The group started working in 1972 under the rather prosaic name of Hoshangabad Science Teaching Programme (HSTP), until ten years later when it acquired the present very evocative name. The idea attracted a large number of scientists, some of them as eminent as M.S. Swaminathan, M.G.K. Menon, Yash Pal, and many others teaching in the University of Delhi, who involved themselves in the development of the programme at some stage or the other, in one form or another. The HSTP and later Eklavya sought to develop the programme well within the framework of the system of school education in Madhya Pradesh and with the approval, cooperation and assistance of successive Governments of the State at costs that were almost ridiculously low. As they went along, they developed expertise in writing new kinds of textbooks, training teachers through short term refresher courses, publishing magazines for children and for teachers, and devising tool kits at a fraction of prevailing costs. In course of time, a social science component was also developed based upon the same principle of proceeding from the familiar to the abstract rather than the other way around. By 2001, the HSTP was operative in 1000 schools in 15 districts and 100,000 children were its beneficiaries. The best testimony to its success has been the excitement and joy the process of learning has brought to the children over the past three decades.
Education that inculcates critical faculty and reasoning is by its very nature secular education. Understandably then the one-term BJP Government led by Sundar Lal Patwa was dead set against continuing to allow any space and assistance to Eklavya and initiated steps to pack it off. The Government had the solid backing of the BJP-affiliates in the community of school teachers. Fortunately for Eklavya, the Government lost the election in the aftermath of the demolition of the Babri Masjid and the Congress Government under Digvijay Singh has remained ensconced since then. Eklavya could thus heave a sigh of relief.
Not for long, though. For, keen as the Congress, at the central and the State levels, is to project itself as an alternative to the BJP's politics of hatred, obscurantism and communalism, it is not immune to the BJP's politics of manipulation from the outside. At one meeting of the Hoshangabad District Planning Committee, the local BJP MLA (a special invitee and therefore not even a member) quite casually suggested that the programme be dropped; and the meeting, chaired by the Finance Minister, a Congressman, agreed to it without any further ado.
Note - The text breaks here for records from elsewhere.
(* Let $p$ be an odd prime. For every simple rank $3$ $\mathbb{Z}_p$-invariant matroid structure on $\mathbb{Z}_p$ there exists a distinct difference system $S_1,\ldots,S_k$ in $\mathbb{Z}_p$ such that the bases of the matroid are exactly the $3$-element subsets of $\mathbb{Z}_p$ which are not a translate of a subset of any $S_i$.
   Context: For an abelian group $A$, subsets $S_1,\ldots,S_k \subseteq A$ form a distinct difference system if: (i) for any $i,j$ and any $x,y \in S_i$, $z,w \in S_j$ with $x \neq y$ and $z \neq w$, the equation $x-y=z-w$ implies $x=z$ and $y=w$; (ii) each $S_i$ contains $0$ and at least one other element; (iii) $S_i \cap S_j = \{0\}$ for $i \neq j$. $\mathbb{Z}_p$ acts on itself by translation; a matroid on $\mathbb{Z}_p$ is $\mathbb{Z}_p$-invariant if translates of bases are bases. A matroid is simple if every circuit has at least three elements. A translate of a set $T$ is a set $\{t+a : t \in T\}$. *)

theory Defs
  imports "HOL-Computational_Algebra.Primes"
begin

text \<open>Z_p is modelled as the set {0..<p} of integers with arithmetic mod p.\<close>

definition Zp :: "int \<Rightarrow> int set" where
  "Zp p = {0..<p}"

definition translate :: "int \<Rightarrow> int set \<Rightarrow> int \<Rightarrow> int set" where
  "translate p T a = {(t + a) mod p | t. t \<in> T}"

definition matroid_bases :: "'a set \<Rightarrow> 'a set set \<Rightarrow> bool" where
  "matroid_bases E \<B> \<longleftrightarrow> finite E \<and> \<B> \<noteq> {} \<and> (\<forall>B\<in>\<B>. B \<subseteq> E) \<and>
     (\<forall>B1\<in>\<B>. \<forall>B2\<in>\<B>. \<forall>x\<in>B1 - B2. \<exists>y\<in>B2 - B1. insert y (B1 - {x}) \<in> \<B>)"

definition indep :: "'a set set \<Rightarrow> 'a set \<Rightarrow> bool" where
  "indep \<B> I \<longleftrightarrow> (\<exists>B\<in>\<B>. I \<subseteq> B)"

definition circuit :: "'a set \<Rightarrow> 'a set set \<Rightarrow> 'a set \<Rightarrow> bool" where
  "circuit E \<B> C \<longleftrightarrow> C \<subseteq> E \<and> \<not> indep \<B> C \<and> (\<forall>D. D \<subset> C \<longrightarrow> indep \<B> D)"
This is without reference to the very high-powered State Advisory Board on Education, which includes some of the country's most distinguished names, constituted by the Madhya Pradesh Government very recently. Within days, nine of twelve members of the Committee sought a review of the decision in writing, but this too has not been conceded. Eklavya's thumb was chopped off a second time and with the same ruthlessness. Understandably, the first to congratulate the Government on this bold step was the ABVP. The bureaucracy which had all these years extended appreciation and support to the programme suddenly issued swift office orders announcing the termination of the science teaching programme; clearly the social science teaching component would be next on the block and not too long from now. All this is within the knowledge of the Chief Minister and presumably with his approval.
In a scenario where the BJP and the Congress are fast emerging as the political alternatives, the sharpness of the demarcating lines is all the more important in such critical areas as the question of communalising education. While the BJP makes no bones about saffronising the minds of Indian children from the word go as its objective, the blurring of the demarcating lines between it and the Congress is tantamount to the cause being already lost. The Congress has already lost a lot of its secular ground by its passivity in Gujarat. Are we really witnessing the saffronisation of the Congress?